About this task —
Look through the data below and return each line where "lemma" appears.

Dataset —
• • • • • • •

lemma depth_colouring_insert_root:
  assumes col: "depth_colouring V E A {n. E r n} col"
    and "r \<in> V" "r \<notin> A" "r \<in> S" "\<not> E r r"
  shows "depth_colouring V E (insert r A) S (\<lambda>v. if v = r then 0 else Suc (col v))"
    (is "depth_colouring V E _ S ?col")
proof -
  have proper: "proper_on E A col" and lower_distinct: "lower_neighbours_distinct E A col"
    and paths: "\<And>v. v \<in> A \<Longrightarrow> \<exists>p. is_path V E p \<and> set p \<subseteq> A \<and> E r (hd p) \<and> col v < length p"
    using col unfolding depth_colouring_def by auto
  have "proper_on E (insert r A) ?col"
    using proper \<open>\<not> E r r\<close> \<open>r \<notin> A\<close> unfolding proper_on_def by auto
  moreover have "lower_neighbours_distinct E (insert r A) ?col"
    unfolding lower_neighbours_distinct_def
  proof (intro ballI impI)
    fix u a b assume "u \<in> insert r A" "a \<in> insert r A" "b \<in> insert r A"
      and edges: "E u a" "E u b" and eq: "?col a = ?col b" and lower: "?col a < ?col u"
    then have "u \<in> A" "u \<noteq> r" by auto
    show "a = b"
    proof (cases "a = r")
      case True
      with eq show ?thesis by (simp split: if_splits)
    next
      case False
      with eq have "b \<noteq> r" by (simp split: if_splits)
      with False \<open>a \<in> insert r A\<close> \<open>b \<in> insert r A\<close> have "a \<in> A" "b \<in> A" by auto
      from False \<open>b \<noteq> r\<close> \<open>u \<noteq> r\<close> eq lower have "col a = col b" "col a < col u" by simp_all
      with \<open>u \<in> A\<close> \<open>a \<in> A\<close> \<open>b \<in> A\<close> edges lower_distinct show ?thesis
        unfolding lower_neighbours_distinct_def by blast
    qed
  qed
  moreover have "\<exists>p. is_path V E p \<and> set p \<subseteq> insert r A \<and> hd p \<in> S \<and> ?col v < length p"
    if "v \<in> insert r A" for v
  proof (cases "v = r")
    case True
    have "is_path V E [r]" using \<open>r \<in> V\<close> unfolding is_path_def by simp
    with True \<open>r \<in> S\<close> show ?thesis by (intro exI[of _ "[r]"]) simp
  next
    case False
    with that have "v \<in> A" by simp
    with paths obtain p where p: "is_path V E p" "set p \<subseteq> A" "E r (hd p)" "col v < length p"
      by blast
    have "r \<notin> set p" using p(2) \<open>r \<notin> A\<close> by blast
    then have "is_path V E (r # p)" using is_path_Cons[OF p(1) \<open>r \<in> V\<close> _ p(3)] by simp
    with p False \<open>r \<in> S\<close> show ?thesis by (intro exI[of _ "r # p"]) auto
  qed
  ultimately show ?thesis unfolding depth_colouring_def by blast
qed

lemma depth_colouring_Un:
  assumes colA: "depth_colouring V E A S colA" and colB: "depth_colouring V E B S colB"
    and separated: "\<And>a b. a \<in> A \<Longrightarrow> b \<in> B \<Longrightarrow> \<not> E a b \<and> \<not> E b a"
  shows "depth_colouring V E (A \<union> B) S (\<lambda>v. if v \<in> A then colA v else colB v)"
    (is "depth_colouring V E _ S ?col")
proof -
  have same_side: "u \<in> A \<longleftrightarrow> v \<in> A" if "u \<in> A \<union> B" "v \<in> A \<union> B" "E u v" for u v
    using separated that by blast
  have "proper_on E (A \<union> B) ?col"
    unfolding proper_on_def
  proof (intro ballI impI)
    fix u v assume "u \<in> A \<union> B" "v \<in> A \<union> B" "E u v"
    then show "?col u \<noteq> ?col v"
      using same_side[of u v] colA colB unfolding depth_colouring_def proper_on_def
      by (cases "u \<in> A") auto
  qed
  moreover have "lower_neighbours_distinct E (A \<union> B) ?col"
    unfolding lower_neighbours_distinct_def
  proof (intro ballI impI)
    fix u a b assume "u \<in> A \<union> B" "a \<in> A \<union> B" "b \<in> A \<union> B" "E u a" "E u b"
      "?col a = ?col b" "?col a < ?col u"
    then show "a = b"
      using same_side[of u a] same_side[of u b] colA colB
      unfolding depth_colouring_def lower_neighbours_distinct_def
      by (cases "u \<in> A") auto
  qed
  moreover have "\<exists>p. is_path V E p \<and> set p \<subseteq> A \<union> B \<and> hd p \<in> S \<and> ?col v < length p"
    if "v \<in> A \<union> B" for v
  proof (cases "v \<in> A")
    case True
    with colA obtain p where "is_path V E p" "set p \<subseteq> A" "hd p \<in> S" "colA v < length p"
      unfolding depth_colouring_def by blast
    with True show ?thesis by (intro exI[of _ p]) auto
  next
    case False
    with that colB obtain p where "is_path V E p" "set p \<subseteq> B" "hd p \<in> S" "colB v < length p"
      unfolding depth_colouring_def by blast
    with False show ?thesis by (intro exI[of _ p]) auto
  qed
  ultimately show ?thesis unfolding depth_colouring_def by blast
qed

definition branches :: "('a \<Rightarrow> 'a \<Rightarrow> bool) \<Rightarrow> 'a set \<Rightarrow> 'a \<Rightarrow> 'a set" where
  "branches E W r = {w \<in> W - {r}. \<exists>n. E r n \<and> (adj_in E (W - {r}))\<^sup>*\<^sup>* n w}"

lemma branches_subset: "branches E W r \<subseteq> W - {r}"
  unfolding branches_def by blast

lemma neighbour_in_branches: "v \<in> W - {r} \<Longrightarrow> E r v \<Longrightarrow> v \<in> branches E W r"
  unfolding branches_def by blast

lemma branches_closed:
  assumes "u \<in> branches E W r" "v \<in> W - {r}" "E u v"
  shows "v \<in> branches E W r"
proof -
  from assms(1) obtain n where n: "E r n" "(adj_in E (W - {r}))\<^sup>*\<^sup>* n u" and "u \<in> W - {r}"
    unfolding branches_def by blast
  with assms(2,3) have "adj_in E (W - {r}) u v" unfolding adj_in_def by blast
  with n have "(adj_in E (W - {r}))\<^sup>*\<^sup>* n v" by (blast intro: rtranclp.rtrancl_into_rtrancl)
  with n(1) assms(2) show ?thesis unfolding branches_def by blast
qed

lemma reachable_from_branches: "reachable_from E (branches E W r) {n. E r n}"
  unfolding reachable_from_def
proof
  fix w assume "w \<in> branches E W r"
  then obtain n where n: "E r n" "(adj_in E (W - {r}))\<^sup>*\<^sup>* n w" and "w \<in> W - {r}"
    unfolding branches_def by blast
  then have "n \<in> W - {r}" using adj_in_rtranclp_source by fast
  then have n_branch: "n \<in> branches E W r" using neighbour_in_branches n(1) by fast
  have "(adj_in E (branches E W r))\<^sup>*\<^sup>* n w \<and> w \<in> branches E W r"
    by (rule adj_in_rtranclp_closed[OF n(2) n_branch branches_subset]) (rule branches_closed)
  with n(1) show "\<exists>s\<in>{n. E r n}. (adj_in E (branches E W r))\<^sup>*\<^sup>* s w" by blast
qed

lemma branches_separated:
  assumes sym: "\<And>u v. E u v \<Longrightarrow> E v u"
    and a: "a \<in> insert r (branches E W r)" and b: "b \<in> W - insert r (branches E W r)"
  shows "\<not> E a b \<and> \<not> E b a"
proof -
  have "\<not> E a b"
  proof
    assume "E a b"
    from b have b': "b \<in> W - {r}" by blast
    have "b \<in> branches E W r"
    proof (cases "a = r")
      case True
      with \<open>E a b\<close> b' show ?thesis by (simp add: neighbour_in_branches)
    next
      case False
      with a have "a \<in> branches E W r" by simp
      from branches_closed[OF this b' \<open>E a b\<close>] show ?thesis .
    qed
    with b show False by blast
  qed
  with sym show ?thesis by blast
qed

• • • • • • •

Response —
lemma depth_colouring_insert_root:
lemma depth_colouring_Un:
lemma branches_subset: "branches E W r \<subseteq> W - {r}"
lemma neighbour_in_branches: "v \<in> W - {r} \<Longrightarrow> E r v \<Longrightarrow> v \<in> branches E W r"
lemma branches_closed:
lemma reachable_from_branches: "reachable_from E (branches E W r) {n. E r n}"
lemma branches_separated:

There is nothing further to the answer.